> **Given records**
================
lemma pos_oriented_6:
  assumes "pos_oriented [p0, p1, p2, p3, p4, p5]"
  obtains t0 t1 t2 t3 t4 t5 where "t0 \<le> t1" "t1 \<le> t2" "t2 \<le> t3" "t3 \<le> t4" "t4 \<le> t5"
    "t5 < t0 + 2 * pi"
    "on_ray p0 t0" "on_ray p1 t1" "on_ray p2 t2" "on_ray p3 t3" "on_ray p4 t4" "on_ray p5 t5"
proof -
  obtain ts where len: "length ts = length [p0, p1, p2, p3, p4, p5]" and "sorted ts"
    and last: "ts \<noteq> [] \<longrightarrow> last ts < hd ts + 2 * pi"
    and rays: "\<forall>i < length [p0, p1, p2, p3, p4, p5]. on_ray ([p0, p1, p2, p3, p4, p5] ! i) (ts ! i)"
    using assms unfolding pos_oriented_def on_ray_def by blast
  then have "last ts < hd ts + 2 * pi"
    by auto
  obtain t0 t1 t2 t3 t4 t5 where ts: "ts = [t0, t1, t2, t3, t4, t5]"
    using len by (auto simp: numeral_eq_Suc length_Suc_conv)
  have "on_ray ([p0, p1, p2, p3, p4, p5] ! i) ([t0, t1, t2, t3, t4, t5] ! i)" if "i < 6" for i
    using rays that ts by simp
  from this[of 0] this[of 1] this[of 2] this[of 3] this[of 4] this[of 5]
  show thesis
    using \<open>sorted ts\<close> \<open>last ts < hd ts + 2 * pi\<close> ts by (intro that) simp_all
qed

lemma URTC_unit_common_neighbour_unique:
  assumes URTC: "URTC_norm N" and unit: "N p = 1" "N x = 1" "N y = 1"
    and dist: "N (p - x) = 1" "N (p - y) = 1" and "x \<noteq> p - y"
  shows "x = y"
proof (rule ccontr)
  assume "x \<noteq> y"
  interpret plane_norm N
    using URTC by unfold_locales (simp add: URTC_norm_def)
  define X where "X = {z. N (p - z) = 1 \<and> N (0 - z) = 1}"
  have "finite X" "card X = 2"
    using URTC[unfolded URTC_norm_def, THEN conjunct2, rule_format, of p 0] unit(1)
    by (simp_all add: X_def)
  have "p \<noteq> y + y"
    using add_self[of y] unit by auto
  then have "y \<noteq> p - y"
    by (metis diff_add_cancel)
  with \<open>x \<noteq> y\<close> \<open>x \<noteq> p - y\<close> have "card {x, y, p - y} = 3"
    by simp
  moreover have "{x, y, p - y} \<subseteq> X"
    using unit dist minus by (simp add: X_def)
  ultimately show False
    using card_mono[OF \<open>finite X\<close>, of "{x, y, p - y}"] \<open>card X = 2\<close> by simp
qed

lemma (in plane_norm) pos_oriented_unit_chords:
  assumes unit: "N a = 1" "N b = 1" "N c = 1" "N d = 1"
    and ad: "N (a - d) = 1" and bc: "N (b - c) = 1"
    and pos: "pos_oriented [a - d, a, b, c, d, d - a]"
  shows "N (a - c) = 1" "N (d - b) = 1" "c \<noteq> a - d" "b \<noteq> d - a"
proof -
  obtain t0 t1 t2 t3 t4 t5 where t: "t0 \<le> t1" "t1 \<le> t2" "t2 \<le> t3" "t3 \<le> t4" "t4 \<le> t5"
      "t5 < t0 + 2 * pi"
    and rays: "on_ray (a - d) t0" "on_ray a t1" "on_ray b t2" "on_ray c t3" "on_ray d t4"
      "on_ray (d - a) t5"
    by (rule pos_oriented_6[OF pos])
  have "t5 = t0 + pi"
    using on_ray_minus_eq[of "a - d" t0 t5] rays(1,6) t by simp
  then have half_turn: "t3 \<le> t1 + pi" "t4 \<le> t1 + pi" "t4 \<le> t2 + pi" "t3 \<le> t0 + pi" "t5 \<le> t2 + pi"
    using t by linarith+
  have "t1 \<le> t3" "t2 \<le> t4"
    using t by linarith+
  have da: "N (d - a) = 1"
    using ad minus_commute[of d a] by simp
  note chord_mono = unit_chord_mono_angle[THEN conjunct1] unit_chord_mono_angle[THEN conjunct2]
  have "N (b - c) \<le> N (a - c)"
    using chord_mono(2)[OF t(2,3) half_turn(1) rays(2,3,4) unit(1,2,3)] .
  moreover have "N (c - a) \<le> N (d - a)"
    using chord_mono(1)[OF \<open>t1 \<le> t3\<close> t(4) half_turn(2) rays(2,4,5) unit(1,3,4)] .
  ultimately show "N (a - c) = 1"
    using bc da minus_commute[of c a] by linarith
  have "N (c - b) \<le> N (d - b)"
    using chord_mono(1)[OF t(3,4) half_turn(3) rays(3,4,5) unit(2,3,4)] .
  moreover have "N (b - d) \<le> N (a - d)"
    using chord_mono(2)[OF t(2) \<open>t2 \<le> t4\<close> half_turn(2) rays(2,3,5) unit(1,2,4)] .
  ultimately show db: "N (d - b) = 1"
    using bc ad minus_commute[of c b] minus_commute[of d b] by linarith
  have "N (a - (a - d)) \<le> N (c - (a - d))"
    using chord_mono(1)[OF t(1) \<open>t1 \<le> t3\<close> half_turn(4) rays(1,2,4) ad unit(1,3)] .
  then show "c \<noteq> a - d"
    using unit(4) eq_0_iff[of 0] by auto
  have "N (d - b) \<le> N (d - a - b)"
    using chord_mono(1)[OF \<open>t2 \<le> t4\<close> t(5) half_turn(5) rays(3,5,6) unit(2,4) da] .
  then show "b \<noteq> d - a"
    using db eq_0_iff[of 0] by auto
qed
================
> **What to work on**
Lines of the listing that contain the word "rays" are to be counted; report only their number.

> **Your response**
10